THE TASK: Below is a listing; restate from it, character for character, the lines beginning at the line holding "t tau \<longleftrightarrow>" and ending at the line holding "(let s = ts", both included.

THE DATA:
(* In the transactional panorama model with the lenses and metrics described in the context, $I(\mathrm{LCMB}) \ge I(\mathrm{LCNB}) = I(\mathrm{ICNB})$.
   Context: A view graph is a DAG on a set $N$ of nodes (source data and views). Write transactions are processed one at a time; write transaction $w^{t_i}$ creates version $G^{t_i}$ with state set $V^{t_i}$ containing, for each node $n_k$, either its computed new result, a placeholder $UC_k^{t_i}$ if $w^{t_i}$ updates $n_k$ but has not yet computed it, or its result from the previous version if $n_k$ is not updated. A version is committed once all its new results are computed; at any time there is the committed graph (most recently committed version, no UCs) and the latest graph (version of the most recent write transaction). Read transactions $r^{s_1},\dots,r^{s_m}$ each read the views in the current viewport and return immediately a set $H^{s_i}$ of states (results or UCs); $Time(r^{s_i})$ is its return time. A returned state's timestamp is that of its version. Lenses: LCNB returns the viewport states from the more recent of the committed and latest graphs that has zero UCs for the viewport. LCMB: if reading either the committed or the latest graph preserves monotonicity (no view gets a state with smaller timestamp than previously read), behave like LCNB; otherwise read the latest graph. ICNB returns, for each view independently, its most recently computed result. Invisibility for $R=\{r^{s_1},\dots,r^{s_m}\}$: $I(R)=\sum_{i=1}^{m-1}|H^{s_i}_{UC}|\,(Time(r^{s_{i+1}})-Time(r^{s_i}))$, where $H^{s_i}_{UC}$ is the set of UCs in $H^{s_i}$. $I(A)$ denotes invisibility under lens $A$; lenses are compared on the same write transactions, the same order of computing new view results, and the same sequence of read transactions. *)

theory Defs
  imports Complex_Main
begin

(* A state of a node in some version: either a computed result or a
   placeholder UC.  The argument is the timestamp (index of the version
   whose write transaction produced this state); version 0 is the initial
   version, whose results are all computed. *)
datatype state = Res nat | UC nat

fun ts :: "state \<Rightarrow> nat" where
  "ts (Res t) = t" | "ts (UC t) = t"

fun is_UC :: "state \<Rightarrow> bool" where
  "is_UC (Res _) = False" | "is_UC (UC _) = True"

(* An execution: view graph (DAG), write transactions 1..n_writes,
   the set of nodes each write updates, its arrival time, and the time at
   which each new result is computed (this fixes the order of computation). *)
record 'n exec =
  g_nodes  :: "'n set"
  g_edges  :: "('n \<times> 'n) set"
  n_writes :: nat
  w_upd    :: "nat \<Rightarrow> 'n set"
  w_arr    :: "nat \<Rightarrow> real"
  w_cmp    :: "nat \<Rightarrow> 'n \<Rightarrow> real"

definition wf_exec :: "'n exec \<Rightarrow> bool" where
  "wf_exec E \<longleftrightarrow>
     finite (g_nodes E) \<and> g_edges E \<subseteq> g_nodes E \<times> g_nodes E \<and> acyclic (g_edges E) \<and>
     (\<forall>t\<in>{1..n_writes E}. w_upd E t \<subseteq> g_nodes E) \<and>
     (\<forall>t\<in>{1..n_writes E}. \<forall>t'\<in>{1..n_writes E}. t < t' \<longrightarrow> w_arr E t < w_arr E t') \<and>
     (\<forall>t\<in>{1..n_writes E}. \<forall>k\<in>w_upd E t. w_arr E t \<le> w_cmp E t k)"

definition last_upd :: "'n exec \<Rightarrow> nat \<Rightarrow> 'n \<Rightarrow> nat" where
  "last_upd E t k = (if \<exists>t'\<in>{1..t}. k \<in> w_upd E t' then Max {t'\<in>{1..t}. k \<in> w_upd E t'} else 0)"

definition state_at :: "'n exec \<Rightarrow> nat \<Rightarrow> 'n \<Rightarrow> real \<Rightarrow> state" where
  "state_at E t k tau = (let t' = last_upd E t k in
      if t' = 0 \<or> w_cmp E t' k \<le> tau then Res t' else UC t')"

definition latest :: "'n exec \<Rightarrow> real \<Rightarrow> nat" where
  "latest E tau = Max (insert 0 {t\<in>{1..n_writes E}. w_arr E t \<le> tau})"

definition ver_done :: "'n exec \<Rightarrow> nat \<Rightarrow> real \<Rightarrow> bool" where
  "ver_done E t tau \<longleftrightarrow> t = 0 \<or> (w_arr E t \<le> tau \<and> (\<forall>k\<in>w_upd E t. w_cmp E t k \<le> tau))"

(* most recently committed version (versions are committed in order) *)
definition committed :: "'n exec \<Rightarrow> real \<Rightarrow> nat" where
  "committed E tau = Max {t\<in>{0..n_writes E}. \<forall>t'\<le>t. ver_done E t' tau}"

definition lcnb_ver :: "'n exec \<Rightarrow> real \<Rightarrow> 'n set \<Rightarrow> nat" where
  "lcnb_ver E tau V = (if \<forall>k\<in>V. \<not> is_UC (state_at E (latest E tau) k tau)
                       then latest E tau else committed E tau)"

definition preserves_mono :: "'n exec \<Rightarrow> ('n \<Rightarrow> nat option) \<Rightarrow> real \<Rightarrow> 'n set \<Rightarrow> nat \<Rightarrow> bool" where
  "preserves_mono E prev tau V t \<longleftrightarrow>
     (\<forall>k\<in>V. \<forall>p. prev k = Some p \<longrightarrow> p \<le> ts (state_at E t k tau))"

definition lcmb_choice :: "'n exec \<Rightarrow> ('n \<Rightarrow> nat option) \<Rightarrow> real \<Rightarrow> 'n set \<Rightarrow> nat" where
  "lcmb_choice E prev tau V =
     (if preserves_mono E prev tau V (committed E tau) \<and> preserves_mono E prev tau V (latest E tau)
      then lcnb_ver E tau V else latest E tau)"

record 'n reads =
  n_reads :: nat
  r_time  :: "nat \<Rightarrow> real"
  r_vp    :: "nat \<Rightarrow> 'n set"

definition wf_reads :: "'n exec \<Rightarrow> 'n reads \<Rightarrow> bool" where
  "wf_reads E R \<longleftrightarrow>
     (\<forall>i<n_reads R. r_vp R i \<subseteq> g_nodes E) \<and>
     (\<forall>i j. i \<le> j \<and> j < n_reads R \<longrightarrow> r_time R i \<le> r_time R j)"

fun lcmb_prev :: "'n exec \<Rightarrow> 'n reads \<Rightarrow> nat \<Rightarrow> 'n \<Rightarrow> nat option" where
  "lcmb_prev E R 0 = (\<lambda>k. None)"
| "lcmb_prev E R (Suc i) = (\<lambda>k.
     if k \<in> r_vp R i then
       (let s = ts (state_at E (lcmb_choice E (lcmb_prev E R i) (r_time R i) (r_vp R i)) k (r_time R i))
        in case lcmb_prev E R i k of None \<Rightarrow> Some s | Some p \<Rightarrow> Some (max p s))
     else lcmb_prev E R i k)"

definition icnb_state :: "'n exec \<Rightarrow> real \<Rightarrow> 'n \<Rightarrow> state" where
  "icnb_state E tau k = (let C = {t\<in>{1..n_writes E}. k \<in> w_upd E t \<and> w_cmp E t k \<le> tau} in
     if C = {} then Res 0
     else Res (GREATEST t. t \<in> C \<and> (\<forall>t''\<in>C. w_cmp E t'' k \<le> w_cmp E t k)))"

datatype lens = LCNB | LCMB | ICNB

fun read_state :: "lens \<Rightarrow> 'n exec \<Rightarrow> 'n reads \<Rightarrow> nat \<Rightarrow> 'n \<Rightarrow> state" where
  "read_state LCNB E R i k = state_at E (lcnb_ver E (r_time R i) (r_vp R i)) k (r_time R i)"
| "read_state LCMB E R i k =
     state_at E (lcmb_choice E (lcmb_prev E R i) (r_time R i) (r_vp R i)) k (r_time R i)"
| "read_state ICNB E R i k = icnb_state E (r_time R i) k"

definition invisibility :: "lens \<Rightarrow> 'n exec \<Rightarrow> 'n reads \<Rightarrow> real" where
  "invisibility L E R =
     (\<Sum>i<n_reads R - 1. real (card {k\<in>r_vp R i. is_UC (read_state L E R i k)})
                          * (r_time R (Suc i) - r_time R i))"

end

theory Submission
  imports Defs
begin

text \<open>LCNB reads the latest graph only when it has no UC in the viewport, and otherwise
  the committed graph, which has no UCs at all since every version up to it is complete.
  ICNB returns computed results only. So both lenses have invisibility 0, whereas
  invisibility is a sum of nonnegative terms for any lens because read times are
  nondecreasing.\<close>

lemma committed_ver_done:
  assumes "t \<le> committed E tau"
  shows "ver_done E t tau"
proof -
  let ?S = "{t\<in>{0..n_writes E}. \<forall>t'\<le>t. ver_done E t' tau}"
  have "0 \<in> ?S" by (simp add: ver_done_def)
  then have "committed E tau \<in> ?S"
    unfolding committed_def by (intro Max_in) auto
  with assms show ?thesis by auto
qed

lemma last_upd_mem:
  assumes "last_upd E t k \<noteq> 0"
  shows "last_upd E t k \<in> {1..t} \<and> k \<in> w_upd E (last_upd E t k)"
proof -
  let ?A = "{t'\<in>{1..t}. k \<in> w_upd E t'}"
  from assms have "?A \<noteq> {}" unfolding last_upd_def by (auto split: if_splits)
  then have "Max ?A \<in> ?A" by (intro Max_in) auto
  with \<open>?A \<noteq> {}\<close> show ?thesis unfolding last_upd_def by auto
qed

lemma state_at_committed_not_UC: "\<not> is_UC (state_at E (committed E tau) k tau)"
proof (cases "last_upd E (committed E tau) k = 0")
  case False
  let ?t = "last_upd E (committed E tau) k"
  from last_upd_mem[OF False] have "?t \<le> committed E tau" and "k \<in> w_upd E ?t" by auto
  with committed_ver_done[of ?t E tau] False have "w_cmp E ?t k \<le> tau"
    unfolding ver_done_def by auto
  then show ?thesis unfolding state_at_def by simp
qed (simp add: state_at_def)

lemma read_state_LCNB_not_UC:
  assumes "k \<in> r_vp R i"
  shows "\<not> is_UC (read_state LCNB E R i k)"
  using assms by (simp add: lcnb_ver_def state_at_committed_not_UC)

lemma read_state_ICNB_not_UC: "\<not> is_UC (read_state ICNB E R i k)"
  by (simp add: icnb_state_def Let_def)

lemma invisibility_eq_0_if_no_UC:
  assumes "\<And>i k. k \<in> r_vp R i \<Longrightarrow> \<not> is_UC (read_state L E R i k)"
  shows "invisibility L E R = 0"
proof -
  have no_UC: "{k\<in>r_vp R i. is_UC (read_state L E R i k)} = {}" for i
    using assms by blast
  show ?thesis unfolding invisibility_def no_UC by simp
qed

lemma invisibility_nonneg:
  assumes "wf_reads E R"
  shows "0 \<le> invisibility L E R"
  unfolding invisibility_def
proof (rule sum_nonneg)
  fix i assume "i \<in> {..<n_reads R - 1}"
  with assms have "r_time R i \<le> r_time R (Suc i)" unfolding wf_reads_def by auto
  then show "0 \<le> real (card {k\<in>r_vp R i. is_UC (read_state L E R i k)})
                  * (r_time R (Suc i) - r_time R i)" by simp
qed

theorem theorem2p10:
  fixes E :: "'n exec" and R :: "'n reads"
  assumes "wf_exec E" and "wf_reads E R"
  shows "invisibility LCMB E R \<ge> invisibility LCNB E R \<and>
         invisibility LCNB E R = invisibility ICNB E R"
proof -
  have "invisibility LCNB E R = 0"
    using read_state_LCNB_not_UC by (rule invisibility_eq_0_if_no_UC)
  moreover have "invisibility ICNB E R = 0"
    by (intro invisibility_eq_0_if_no_UC read_state_ICNB_not_UC)
  moreover have "0 \<le> invisibility LCMB E R"
    using assms(2) by (rule invisibility_nonneg)
  ultimately show ?thesis by simp
qed

end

RESULT FOR THIS TASK:
  "ver_done E t tau \<longleftrightarrow> t = 0 \<or> (w_arr E t \<le> tau \<and> (\<forall>k\<in>w_upd E t. w_cmp E t k \<le> tau))"

(* most recently committed version (versions are committed in order) *)
definition committed :: "'n exec \<Rightarrow> real \<Rightarrow> nat" where
  "committed E tau = Max {t\<in>{0..n_writes E}. \<forall>t'\<le>t. ver_done E t' tau}"

definition lcnb_ver :: "'n exec \<Rightarrow> real \<Rightarrow> 'n set \<Rightarrow> nat" where
  "lcnb_ver E tau V = (if \<forall>k\<in>V. \<not> is_UC (state_at E (latest E tau) k tau)
                       then latest E tau else committed E tau)"

definition preserves_mono :: "'n exec \<Rightarrow> ('n \<Rightarrow> nat option) \<Rightarrow> real \<Rightarrow> 'n set \<Rightarrow> nat \<Rightarrow> bool" where
  "preserves_mono E prev tau V t \<longleftrightarrow>
     (\<forall>k\<in>V. \<forall>p. prev k = Some p \<longrightarrow> p \<le> ts (state_at E t k tau))"

definition lcmb_choice :: "'n exec \<Rightarrow> ('n \<Rightarrow> nat option) \<Rightarrow> real \<Rightarrow> 'n set \<Rightarrow> nat" where
  "lcmb_choice E prev tau V =
     (if preserves_mono E prev tau V (committed E tau) \<and> preserves_mono E prev tau V (latest E tau)
      then lcnb_ver E tau V else latest E tau)"

record 'n reads =
  n_reads :: nat
  r_time  :: "nat \<Rightarrow> real"
  r_vp    :: "nat \<Rightarrow> 'n set"

definition wf_reads :: "'n exec \<Rightarrow> 'n reads \<Rightarrow> bool" where
  "wf_reads E R \<longleftrightarrow>
     (\<forall>i<n_reads R. r_vp R i \<subseteq> g_nodes E) \<and>
     (\<forall>i j. i \<le> j \<and> j < n_reads R \<longrightarrow> r_time R i \<le> r_time R j)"

fun lcmb_prev :: "'n exec \<Rightarrow> 'n reads \<Rightarrow> nat \<Rightarrow> 'n \<Rightarrow> nat option" where
  "lcmb_prev E R 0 = (\<lambda>k. None)"
| "lcmb_prev E R (Suc i) = (\<lambda>k.
     if k \<in> r_vp R i then
       (let s = ts (state_at E (lcmb_choice E (lcmb_prev E R i) (r_time R i) (r_vp R i)) k (r_time R i))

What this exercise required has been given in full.